### Activity
Please filter the entries for the word "inverse" and copy every line that has it.
※
text \<open>Recursive complexities d_s; win = (a* = 'win').\<close>
fun dd :: "(real \<Rightarrow> real \<Rightarrow> real) \<Rightarrow> real \<Rightarrow> bool \<Rightarrow> ('a \<Rightarrow> real) \<Rightarrow> 'a gtree \<Rightarrow> real" where
  "dd d \<theta> win \<mu> (Leaf a) =
     (if (win \<and> \<theta> \<le> \<mu> a) \<or> (\<not> win \<and> \<mu> a < \<theta>) then d (\<mu> a) \<theta> else 0)"
| "dd d \<theta> win \<mu> (Node a L cs) =
     (if L = plab win then Max (set (map (dd d \<theta> win \<mu>) cs))
      else if list_all (\<lambda>c. 0 < dd d \<theta> win \<mu> c) cs
      then inverse (\<Sum>c\<leftarrow>cs. inverse (dd d \<theta> win \<mu> c))
      else 0)"

text \<open>Recursive weights w^s_l (for leaves l below s). cstar a is the identifier of the
  chosen child c*(a); wfb a is the fallback probability vector used when d_s = 0.\<close>
fun wt :: "(real \<Rightarrow> real \<Rightarrow> real) \<Rightarrow> real \<Rightarrow> bool \<Rightarrow> ('a \<Rightarrow> real) \<Rightarrow> ('a \<Rightarrow> 'a)
           \<Rightarrow> ('a \<Rightarrow> 'a \<Rightarrow> real) \<Rightarrow> 'a gtree \<Rightarrow> 'a \<Rightarrow> real" where
  "wt d \<theta> win \<mu> cstar wfb (Leaf a) l = (if l = a then 1 else 0)"
| "wt d \<theta> win \<mu> cstar wfb (Node a L cs) l =
     (if 0 < dd d \<theta> win \<mu> (Node a L cs) then
        (if L = plab win then
           (\<Sum>c\<leftarrow>cs. if groot c = cstar a \<and> l \<in> leaves c then wt d \<theta> win \<mu> cstar wfb c l else 0)
         else
           (\<Sum>c\<leftarrow>cs. if l \<in> leaves c then wt d \<theta> win \<mu> cstar wfb c l / dd d \<theta> win \<mu> c else 0)
           / (\<Sum>c\<leftarrow>cs. inverse (dd d \<theta> win \<mu> c)))
      else wfb a l)"

text \<open>KL divergence of a one-parameter exponential family with log-partition A on the
  natural-parameter interval I, mean map A' (= derivative of A); the mean-parameter
  set is X = A' ` I.  d(x,y) = KL(P_x || P_y).\<close>
definition kl :: "(real \<Rightarrow> real) \<Rightarrow> (real \<Rightarrow> real) \<Rightarrow> real set \<Rightarrow> real \<Rightarrow> real \<Rightarrow> real" where
  "kl A A' I x y = (let ex = inv_into I A' x; ey = inv_into I A' y
                    in A ey - A ex - x * (ey - ex))"

definition root_path :: "'a gtree \<Rightarrow> 'a gtree list \<Rightarrow> 'a \<Rightarrow> bool" where
  "root_path t ts l \<longleftrightarrow> ts \<noteq> [] \<and> hd ts = t \<and> last ts = Leaf l \<and>
     (\<forall>i. Suc i < length ts \<longrightarrow> ts ! Suc i \<in> set (children (ts ! i)))"

end

theory Submission
  imports Defs
begin

(* Along the path s_0, ..., s_k = l the weight is passed down multiplicatively: a P-node
   hands w_l on only to its chosen child c*(s), while a Q-node with d_s > 0 multiplies it by
   the positive factor (1/d_c) / (sum_c' 1/d_c').  As distinct children have disjoint leaf
   sets, w^{s_i}_l > 0 iff the step to s_{i+1} respects the choice and w^{s_{i+1}}_l > 0,
   provided d_{s_i} > 0; and d remains positive along such steps, since d_{c*(s)} = d_s at
   P-nodes and every child has d_c > 0 at a Q-node with d_s > 0.  The induction starts
   because d_{s_0} > 0: the strict outcome V_{s_0} <> theta is inherited by enough leaves,
   where d(mu, theta) > 0 by strict convexity of the log-partition function.  Hence the
   fallback vectors used when d_s = 0 never matter, and openness of I is not needed. *)

lemma successively_iff_nth:
  "successively R xs \<longleftrightarrow> (\<forall>i. Suc i < length xs \<longrightarrow> R (xs ! i) (xs ! Suc i))"
proof (induction xs rule: induct_list012)
  case (3 x y zs)
  have "(\<forall>i. Suc i < length (x # y # zs) \<longrightarrow> R ((x # y # zs) ! i) ((x # y # zs) ! Suc i)) \<longleftrightarrow>
        R x y \<and> (\<forall>i. Suc i < length (y # zs) \<longrightarrow> R ((y # zs) ! i) ((y # zs) ! Suc i))"
    by (auto simp: All_less_Suc2 simp del: nth_Cons_Suc)
  then show ?case using 3(2) by simp
qed simp_all

lemma sum_list_eq_single:
  fixes f :: "'b \<Rightarrow> 'a::comm_monoid_add"
  assumes "distinct xs" "x \<in> set xs" "\<And>y. y \<in> set xs \<Longrightarrow> y \<noteq> x \<Longrightarrow> f y = 0"
  shows "sum_list (map f xs) = f x"
proof -
  have "sum_list (map f xs) = sum f (set xs)"
    using assms(1) by (simp add: sum_list_distinct_conv_sum_set)
  also have "\<dots> = sum f {x}"
    using assms(2,3) by (intro sum.mono_neutral_right) auto
  finally show ?thesis by simp
qed

lemma sum_list_pos:
  fixes f :: "'b \<Rightarrow> 'a::ordered_comm_monoid_add"
  shows "xs \<noteq> [] \<Longrightarrow> \<forall>x\<in>set xs. 0 < f x \<Longrightarrow> 0 < sum_list (map f xs)"
proof (induction xs)
  case (Cons y ys)
  then show ?case by (cases "ys = []") (auto intro: add_pos_pos)
qed simp

lemma mvt_in_interval:
  assumes I_int: "\<forall>x\<in>I. \<forall>y\<in>I. \<forall>z. x \<le> z \<and> z \<le> y \<longrightarrow> z \<in> I"
    and A_deriv: "\<forall>\<eta>\<in>I. (A has_real_derivative A' \<eta>) (at \<eta>)"
    and "u \<in> I" "v \<in> I" "u < v"
  obtains z where "z \<in> I" "u < z" "z < v" "A v - A u = (v - u) * A' z"
proof -
  have between: "z \<in> I" if "u \<le> z" "z \<le> v" for z
    using I_int \<open>u \<in> I\<close> \<open>v \<in> I\<close> that by blast
  then have "\<forall>z. u \<le> z \<and> z \<le> v \<longrightarrow> (A has_real_derivative A' z) (at z)"
    using A_deriv by blast
  then obtain z where "u < z" "z < v" "A v - A u = (v - u) * A' z"
    using MVT2[OF \<open>u < v\<close>] by blast
  with between show ?thesis using that by simp
qed

lemma tangent_gap_pos:
  assumes I_int: "\<forall>x\<in>I. \<forall>y\<in>I. \<forall>z. x \<le> z \<and> z \<le> y \<longrightarrow> z \<in> I"
    and A_deriv: "\<forall>\<eta>\<in>I. (A has_real_derivative A' \<eta>) (at \<eta>)"
    and A'_mono: "strict_mono_on I A'"
    and "u \<in> I" "v \<in> I" "u \<noteq> v"
  shows "A' u * (v - u) < A v - A u"
proof (cases "u < v")
  case True
  then obtain z where "z \<in> I" "u < z" "A v - A u = (v - u) * A' z"
    using mvt_in_interval[OF I_int A_deriv \<open>u \<in> I\<close> \<open>v \<in> I\<close>] by metis
  moreover have "A' u < A' z" using A'_mono \<open>u \<in> I\<close> \<open>z \<in> I\<close> \<open>u < z\<close> by (rule strict_mono_onD)
  ultimately show ?thesis using True by (simp add: mult.commute)
next
  case False
  then have "v < u" using \<open>u \<noteq> v\<close> by simp
  then obtain z where "z \<in> I" "z < u" and mvt: "A u - A v = (u - v) * A' z"
    using mvt_in_interval[OF I_int A_deriv \<open>v \<in> I\<close> \<open>u \<in> I\<close>] by metis
  have "A' z < A' u" using A'_mono \<open>z \<in> I\<close> \<open>u \<in> I\<close> \<open>z < u\<close> by (rule strict_mono_onD)
  then have "(u - v) * A' z < (u - v) * A' u" using \<open>v < u\<close> by simp
  then show ?thesis using mvt by (simp add: algebra_simps)
qed

lemma kl_pos:
  assumes I_int: "\<forall>x\<in>I. \<forall>y\<in>I. \<forall>z. x \<le> z \<and> z \<le> y \<longrightarrow> z \<in> I"
    and A_deriv: "\<forall>\<eta>\<in>I. (A has_real_derivative A' \<eta>) (at \<eta>)"
    and A'_mono: "strict_mono_on I A'"
    and "x \<in> A' ` I" "y \<in> A' ` I" "x \<noteq> y"
  shows "0 < kl A A' I x y"
proof -
  define u v where "u = inv_into I A' x" and "v = inv_into I A' y"
  have "u \<in> I" "v \<in> I" "A' u = x" "A' v = y"
    using assms(4,5) by (auto simp: u_def v_def inv_into_into f_inv_into_f)
  then have "A' u * (v - u) < A v - A u"
    using \<open>x \<noteq> y\<close> by (intro tangent_gap_pos[OF I_int A_deriv A'_mono]) auto
  then show ?thesis
    using \<open>A' u = x\<close> by (simp add: kl_def Let_def u_def v_def)
qed

lemma nodes_ne_Nil: "nodes s \<noteq> []"
  by (cases s) auto

lemma leaves_subset_nodes: "leaves s \<subseteq> set (nodes s)"
  by (induction s) auto

lemma groot_in_nodes: "groot s \<in> set (nodes s)"
  by (cases s) auto

lemma self_in_subtrees: "s \<in> subtrees s"
  by (cases s) auto

lemma child_in_subtrees: "Node a L cs \<in> subtrees t \<Longrightarrow> c \<in> set cs \<Longrightarrow> c \<in> subtrees t"
  by (induction t) (auto intro: bexI[of _ c] self_in_subtrees)

lemma distinct_nodes_subtree: "s \<in> subtrees t \<Longrightarrow> distinct (nodes t) \<Longrightarrow> distinct (nodes s)"
  by (induction t) (auto simp: distinct_concat_iff)

lemma distinct_nodes_Node:
  assumes "distinct (nodes (Node a L cs))"
  shows distinct_children: "distinct cs"
    and node_in_unique_child:
      "c \<in> set cs \<Longrightarrow> c' \<in> set cs \<Longrightarrow> x \<in> set (nodes c) \<Longrightarrow> x \<in> set (nodes c') \<Longrightarrow> c = c'"
proof -
  have "distinct (concat (map nodes cs))" using assms by simp
  moreover have "removeAll [] (map nodes cs) = map nodes cs"
    by (intro removeAll_id) (auto simp: nodes_ne_Nil[symmetric])
  ultimately have "distinct (map nodes cs)"
    and disj: "\<forall>c\<in>set cs. \<forall>c'\<in>set cs. nodes c \<noteq> nodes c' \<longrightarrow> set (nodes c) \<inter> set (nodes c') = {}"
    by (auto simp: distinct_concat_iff)
  then show "distinct cs" by (simp add: distinct_map)
  show "c \<in> set cs \<Longrightarrow> c' \<in> set cs \<Longrightarrow> x \<in> set (nodes c) \<Longrightarrow> x \<in> set (nodes c') \<Longrightarrow> c = c'"
    using disj \<open>distinct (map nodes cs)\<close> by (auto simp: distinct_map inj_on_def)
qed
※
### Answer space
      then inverse (\<Sum>c\<leftarrow>cs. inverse (dd d \<theta> win \<mu> c))
           / (\<Sum>c\<leftarrow>cs. inverse (dd d \<theta> win \<mu> c)))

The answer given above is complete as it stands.